(* Let $u$ be a 5-complex number with $0<\theta_+<\pi/2$ and $0<\psi_1<\pi/2$. Then $$u=\rho\exp\left\{\frac15(h_1+h_2+h_3+h_4)\ln\frac{\sqrt2}{\tan\theta_+}+\left[\frac{\sqrt5+1}{10}(h_1+h_4)-\frac{\sqrt5-1}{10}(h_2+h_3)\right]\ln\tan\psi_1+\tilde e_1\phi_1+\tilde e_2\phi_2\right\},$$ where the exponential of a 5-complex number $w$ is $\exp w=\sum_{n\ge0}w^n/n!$.
   Context: A 5-complex number is $u=x_0+h_1x_1+h_2x_2+h_3x_3+h_4x_4$ with real $x_j$, with componentwise addition and the commutative associative bilinear multiplication determined by $h_jh_k=h_{(j+k)\bmod 5}$, $h_0=1$. Canonical variables: $v_+=\sum_{j=0}^4x_j$ and, for $k=1,2$, $v_k=\sum_j x_j\cos(2\pi kj/5)$, $\tilde v_k=\sum_jx_j\sin(2\pi kj/5)$. For $k=1,2$: $\rho_k^2=v_k^2+\tilde v_k^2$ ($\rho_k\ge0$), $\phi_k\in[0,2\pi)$ with $\cos\phi_k=v_k/\rho_k$, $\sin\phi_k=\tilde v_k/\rho_k$. Planar angle $\psi_1\in[0,\pi/2]$: $\tan\psi_1=\rho_1/\rho_2$. Polar angle $\theta_+\in[0,\pi]$: $\tan\theta_+=\sqrt2\rho_1/v_+$. Amplitude $\rho=(v_+\rho_1^2\rho_2^2)^{1/5}$. Canonical basis elements (with $h_0=1$): $\tilde e_k=\frac25\sum_{j=0}^4\sin(2\pi kj/5)\,h_j$ for $k=1,2$. *)

theory Defs
  imports "HOL-Analysis.Analysis" "HOL-Library.Numeral_Type"
begin

text \<open>5-complex numbers: u = x0 + h1 x1 + ... + h4 x4, represented as vectors in real^5,
  component j (index of_nat j :: 5) being x_j.  Indices of type 5 add modulo 5.\<close>

type_synonym tc5 = "real ^ 5"

definition hc5 :: "nat \<Rightarrow> tc5" where
  "hc5 j = (\<chi> i. if i = (of_nat j :: 5) then 1 else 0)"

definition xc5 :: "tc5 \<Rightarrow> nat \<Rightarrow> real" where
  "xc5 u j = u $ (of_nat j :: 5)"

text \<open>Bilinear multiplication with h_j h_k = h_{(j+k) mod 5}.\<close>
definition mult5 :: "tc5 \<Rightarrow> tc5 \<Rightarrow> tc5" where
  "mult5 u v = (\<chi> k. \<Sum>i\<in>UNIV. u $ i * v $ (k - i))"

fun pow5 :: "tc5 \<Rightarrow> nat \<Rightarrow> tc5" where
  "pow5 w 0 = hc5 0"
| "pow5 w (Suc n) = mult5 w (pow5 w n)"

definition exp5 :: "tc5 \<Rightarrow> tc5" where
  "exp5 w = (\<Sum>n. (1 / fact n) *\<^sub>R pow5 w n)"

definition vplus :: "tc5 \<Rightarrow> real" where
  "vplus u = (\<Sum>j<5. xc5 u j)"

definition vk :: "nat \<Rightarrow> tc5 \<Rightarrow> real" where
  "vk k u = (\<Sum>j<5. xc5 u j * cos (2 * pi * real k * real j / 5))"

definition vtk :: "nat \<Rightarrow> tc5 \<Rightarrow> real" where
  "vtk k u = (\<Sum>j<5. xc5 u j * sin (2 * pi * real k * real j / 5))"

definition rhok :: "nat \<Rightarrow> tc5 \<Rightarrow> real" where
  "rhok k u = sqrt ((vk k u)\<^sup>2 + (vtk k u)\<^sup>2)"

definition amp5 :: "tc5 \<Rightarrow> real" where
  "amp5 u = root 5 (vplus u * (rhok 1 u)\<^sup>2 * (rhok 2 u)\<^sup>2)"

definition etilde :: "nat \<Rightarrow> tc5" where
  "etilde k = (2/5) *\<^sub>R (\<Sum>j<5. sin (2 * pi * real k * real j / 5) *\<^sub>R hc5 j)"

end

theory Submission
  imports Defs
begin

text \<open>
  Substituting a fifth root of unity \<open>z\<close> for \<open>h\<^sub>1\<close>, i.e. \<open>z ^ j\<close> for \<open>h\<^sub>j\<close>, is an algebra
  homomorphism to the complex numbers that commutes with the exponential series. For
  \<open>\<omega> = cis (2 * pi / 5)\<close> it sends \<open>u\<close> to \<open>vplus u\<close> at \<open>z = 1\<close> and to
  \<open>Complex (vk k u) (vtk k u)\<close> at \<open>z = \<omega> ^ k\<close>; its values at \<open>\<omega> ^ 3\<close> and \<open>\<omega> ^ 4\<close> are the
  conjugates of those at \<open>\<omega> ^ 2\<close> and \<open>\<omega>\<close>. Since the five values determine \<open>u\<close> (discrete
  Fourier inversion), it suffices to compare both sides at \<open>1, \<omega>, \<omega> ^ 2\<close>. Using
  \<open>\<omega> + \<omega> ^ 4 = (sqrt 5 - 1) / 2\<close>, the exponent takes the values \<open>(4 L + 2 M) / 5\<close>,
  \<open>(2 M - L) / 5 + i \<phi>\<^sub>1\<close> and \<open>(- 3 M - L) / 5 + i \<phi>\<^sub>2\<close> there, where \<open>L = ln (v\<^sub>+ / \<rho>\<^sub>1)\<close>
  and \<open>M = ln (\<rho>\<^sub>1 / \<rho>\<^sub>2)\<close>. As \<open>ln \<rho> = (ln v\<^sub>+ + 2 ln \<rho>\<^sub>1 + 2 ln \<rho>\<^sub>2) / 5\<close>, multiplying
  their exponentials by \<open>\<rho>\<close> gives exactly \<open>v\<^sub>+\<close>, \<open>\<rho>\<^sub>1 cis \<phi>\<^sub>1\<close> and \<open>\<rho>\<^sub>2 cis \<phi>\<^sub>2\<close>.
\<close>

lemma exhaust_5:
  fixes x :: 5
  shows "x = 0 \<or> x = 1 \<or> x = 2 \<or> x = 3 \<or> x = 4"
proof (induct x)
  case (of_int z)
  then have "z = 0 \<or> z = 1 \<or> z = 2 \<or> z = 3 \<or> z = 4" by fastforce
  then show ?case by auto
qed

lemma UNIV_5: "UNIV = {0, 1, 2, 3, 4::5}"
  using exhaust_5 by auto

lemma sum_5: "sum f (UNIV::5 set) = f 0 + f 1 + f 2 + f 3 + f 4"
  unfolding UNIV_5 by (simp add: ac_simps)

lemma sum_lessThan_5: "(\<Sum>j<5::nat. f j) = f 0 + f 1 + f 2 + f 3 + f 4"
  by (simp add: eval_nat_numeral ac_simps)

lemma numerals_mod_5:
  "(-1::5) = 4" "(-2::5) = 3" "(-3::5) = 2" "(-4::5) = 1" "(8::5) = 3" "(9::5) = 4"
  by simp_all

lemma tc5_eqI:
  fixes u v :: tc5
  assumes "\<And>j. j < 5 \<Longrightarrow> xc5 u j = xc5 v j"
  shows "u = v"
proof -
  have "u $ i = v $ i" for i
    using exhaust_5[of i] assms[of 0] assms[of 1] assms[of 2] assms[of 3] assms[of 4]
    by (auto simp: xc5_def)
  then show ?thesis by (simp add: vec_eq_iff)
qed

definition omega5 :: complex where
  "omega5 = cis (2 * pi / 5)"

lemma omega5_power: "omega5 ^ n = cis (2 * pi * real n / 5)"
  unfolding omega5_def Complex.DeMoivre by (simp add: mult.commute)

lemma omega5_power_eq_1_iff: "omega5 ^ n = 1 \<longleftrightarrow> 5 dvd n"
proof -
  have "real n = 5 * of_int m \<longleftrightarrow> int n = 5 * m" for m :: int
    using of_int_eq_iff[of "int n" "5 * m", where 'a=real] by simp
  then have "omega5 ^ n = 1 \<longleftrightarrow> int 5 dvd int n"
    unfolding omega5_power cis_conv_exp exp_eq_1 dvd_def by (auto simp: field_simps)
  then show ?thesis by (simp only: of_nat_dvd_iff)
qed

lemma omega5_power_5 [simp]: "omega5 ^ 5 = 1"
  by (simp add: omega5_power_eq_1_iff)

lemma omega5_power_power_5: "(omega5 ^ k) ^ 5 = 1"
  by (simp add: omega5_power_eq_1_iff flip: power_mult)

lemma sum_omega5_powers: "(\<Sum>k<5::nat. (omega5 ^ n) ^ k) = (if 5 dvd n then 5 else 0)"
proof (cases "5 dvd n")
  case True
  then have "omega5 ^ n = 1" by (simp add: omega5_power_eq_1_iff)
  with True show ?thesis by simp
next
  case False
  define x where "x = omega5 ^ n"
  have "x \<noteq> 1" using False by (simp add: x_def omega5_power_eq_1_iff)
  moreover have "x ^ 5 = 1"
    by (simp add: x_def omega5_power_power_5)
  ultimately have "(\<Sum>k<5::nat. x ^ k) = 0"
    unfolding sum_gp_strict by simp
  with False show ?thesis by (simp only: flip: x_def) simp
qed

lemma omega5_power_mod: "omega5 ^ n = omega5 ^ (n mod 5)"
proof -
  have "omega5 ^ n = (omega5 ^ 5) ^ (n div 5) * omega5 ^ (n mod 5)"
    by (simp only: power_mult [symmetric] power_add [symmetric] mult_div_mod_eq)
  then show ?thesis
    by simp
qed

lemma omega5_power_power: "(omega5 ^ k) ^ j = cis (2 * pi * real k * real j / 5)"
  unfolding power_mult [symmetric] unfolding omega5_power by (simp add: mult.assoc)

lemma sum_omega5_power_1: "1 + omega5 + omega5 ^ 2 + omega5 ^ 3 + omega5 ^ 4 = 0"
  using sum_omega5_powers[of 1] by (simp add: sum_lessThan_5)

lemma cnj_omega5_power: "cnj (omega5 ^ k) = omega5 ^ (4 * k)"
proof -
  have "omega5 * cnj omega5 = 1"
    unfolding omega5_def cis_cnj cis_mult by simp
  then have "cnj omega5 = omega5 ^ 4"
    using omega5_power_5 by algebra
  then show ?thesis
    by (simp add: power_mult)
qed

lemma omega5_add_power_4: "omega5 + omega5 ^ 4 = of_real ((sqrt 5 - 1) / 2)"
proof -
  define c where "c = 2 * Re omega5"
  have c: "omega5 + omega5 ^ 4 = of_real c"
    using complex_add_cnj[of omega5] cnj_omega5_power[of 1] by (simp add: c_def)
  have "of_real (c\<^sup>2 + c - 1) = (omega5 + omega5 ^ 4)\<^sup>2 + (omega5 + omega5 ^ 4) - (1::complex)"
    by (simp add: c)
  also have "\<dots> = 0"
    using sum_omega5_power_1 omega5_power_5 by algebra
  finally have "c\<^sup>2 + c - 1 = 0"
    by (simp only: of_real_eq_0_iff)
  then have "(2 * c + 1)\<^sup>2 = 5"
    by algebra
  moreover have "cos (2 * pi / 5) > 0"
    by (rule cos_gt_zero_pi) (use pi_gt_zero in linarith)+
  then have "c > 0"
    by (simp add: c_def omega5_def)
  ultimately have "sqrt 5 = 2 * c + 1"
    by (intro real_sqrt_unique) simp_all
  then show ?thesis
    by (simp add: c)
qed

◆ **What is being asked**:
Wherever the string "only" appears in the listing above, show the whole line.

◆ **Output of the exercise**:
  then show ?thesis by (simp only: of_nat_dvd_iff)
  with False show ?thesis by (simp only: flip: x_def) simp
    by (simp only: power_mult [symmetric] power_add [symmetric] mult_div_mod_eq)
    by (simp only: of_real_eq_0_iff)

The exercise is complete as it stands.